Lebanon, OH B-50 Bomber Crash, Jul 1950

EL PASO B-50 CRASHES WITH LOAD OF BOMBS.

Dayton, Ohio, July 14 (AP) - Death toll in an air force B-50 bomber crash near Lebanon, Ohio yesterday has been raised to 16, Wright-Patterson Air Force Base officials reported today.
Earlier, it was reported at least 11 airmen had died in the crash.
The public information office at the field said it had been authorized by officers of the Eighth Air Force, Biggs Field, El Paso, Tex., to announce the new death toll.
The Biggs Field officials said the original estimate of dead was raised to 16 "after a check of the plane's clearance papers."
Only a gaping hole in a field and shattered pieces of metal today showed where the big bomber crashed.

'Shells Kept Popping'
Dr.
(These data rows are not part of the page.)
lemma path_weight_snoc: "path_weight P p (h @ [b]) = path_weight P p h * act_prob (P h) p b"
proof -
  have "(\<Prod>j<length h. act_prob (P (take j (h @ [b]))) p ((h @ [b]) ! j)) = path_weight P p h"
    unfolding path_weight_def by (intro prod.cong) (auto simp: nth_append)
  then show ?thesis
    by (simp add: path_weight_def prod.lessThan_Suc)
qed

lemma path_weight_append:
  "path_weight P p (h1 @ h2) = path_weight P p h1 * path_weight (\<lambda>h. P (h1 @ h)) p h2"
  by (induction h2 rule: rev_induct) (simp_all flip: append_assoc add: path_weight_snoc)

lemma path_weight_Cons:
  "path_weight P p (b # h) = act_prob (P []) p b * path_weight (\<lambda>t. P (b # t)) p h"
  using path_weight_append[of P p "[b]" h] by (simp add: path_weight_def)

lemma path_weight_eq_0_if_returned:
  assumes "j < length h" "is_return (P (take j h))"
  shows "path_weight P p h = 0"
  unfolding path_weight_def using assms by (intro prod_zero) (auto simp: act_prob_def act.case_eq_if)

lemma path_weight_nonneg: "nonneg_steps P p \<Longrightarrow> 0 \<le> path_weight P p h"
  unfolding path_weight_def nonneg_steps_def by (intro prod_nonneg) auto

lemma first_return_unique:
  assumes "first_return P h1" "first_return P h1'" "h1 @ h2 = h1' @ h2'"
  shows "h1 = h1'"
proof -
  have False if "first_return P (g @ us)" "first_return P g" "us \<noteq> []" for g us
    using that by (auto simp: first_return_def dest!: spec[of _ "length g"])
  then show ?thesis
    using assms by (auto simp: append_eq_append_conv2)
qed

lemma first_return_split:
  assumes "\<exists>j\<le>length h. is_return (P (take j h))"
  defines "j \<equiv> LEAST j. is_return (P (take j h))"
  shows "first_return P (take j h)" "j \<le> length h"
proof -
  obtain j0 where j0: "j0 \<le> length h" "is_return (P (take j0 h))"
    using assms(1) by blast
  have "is_return (P (take j h))" "j \<le> j0"
    unfolding j_def using j0(2) by (auto intro: LeastI Least_le)
  moreover have "\<not> is_return (P (take i h))" if "i < j" for i
    using that unfolding j_def by (rule not_less_Least)
  ultimately show "first_return P (take j h)" "j \<le> length h"
    using j0(1) by (auto simp: first_return_def min_def)
qed

(* Until P has returned, bind_sampler P Q performs the actions of P; map_act undefined only
   changes the type of the (absent) return value. *)
definition bind_sampler :: "'a sampler \<Rightarrow> ('a \<Rightarrow> 'b sampler) \<Rightarrow> 'b sampler" where
  "bind_sampler P Q h = (if \<exists>j\<le>length h. is_return (P (take j h))
     then (let j = LEAST j. is_return (P (take j h)) in Q (returned (P (take j h))) (drop j h))
     else map_act undefined (P h))"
H. M. William, Warren County Coroner, who turned the bodies over to the Air Force officers, told reporters the plane carried "live ammunition."
"I know the ship carried live ammunition because shells kept popping off," he said. "I doubt if high octane gasoline could have caused such a blast alone. The plane tore a crater in the ground large enough to place a good sized house."
At El Paso, Tex., Biggs Field officers today announced the names of those killed in the crash (partially).
They said the names of all would not be announced at this time.
The dead:
CAPT. PAUL E. ANDERSON, JR., 29, El Paso.
STAFF SGT. ELLIS E. SMITH, 40, El Paso.
STAFF SGT. JAMES A. TRAVIS, 29, Bertram, Tex.
STAFF SGT. RUSSELL E. MOORE, 22, Salem, W. Va., (wife, Mrs. Shirley Moore, Salem).
SGT. ALCIDE DANOS, 22, Baytown, Tex.
PFC. GEORGE L. MARTIN, about 21, Danberry, Neb., (father, John Truman Martin, Danberry.)
1st LT. HARVEY E. MARTIN, 26, Pilot, San Antonio.
T. SGT. CHARLES W. PICKETT, Cleburne.
T. SGT. JOSEPH VEID, 28, El Paso.
CAPT. JOHN F. ADAMS, JR., 27, Pilot, El Paso.
T. SGT. VERNON W. DIGGLE, 29, El Paso.
STAFF SGT. W. O. TIMMONS, 27, Bryson.
STAFF SGT. JAMES M. TENNILLE, JR., Union, South Carolina.
STAFF SGT. THOMAS JAMES MULLEN, 22, Hiawatha, Kansas.

Carried Practice Bombs.
Biggs officials said the plane was on a routine practice mission and was carrying practice bombs.
The plane plunged into the ground on a farm near Lebanon, Ohio, and exploded. The impact and the blast tore a hole in the ground that was about 18 feet deep and at least 75 feet wide.
The big plane was blown to pieces. There was little left that couldn't have been carried away by an average-sized man. Bodies and parts of bodies of the victims were scattered over a wide area.
The explosion was heard in this Warren County seat, four miles away. Windows were blown out of a farm house one mile away.
Reports from witnesses as to just what happened varied.
Two farmers living near the scene - Alex Fields and George Shumaker - said they remarked that the plane appeared to be in trouble only a minute or two before the crash.
"There was no fire until the explosion," Fields said.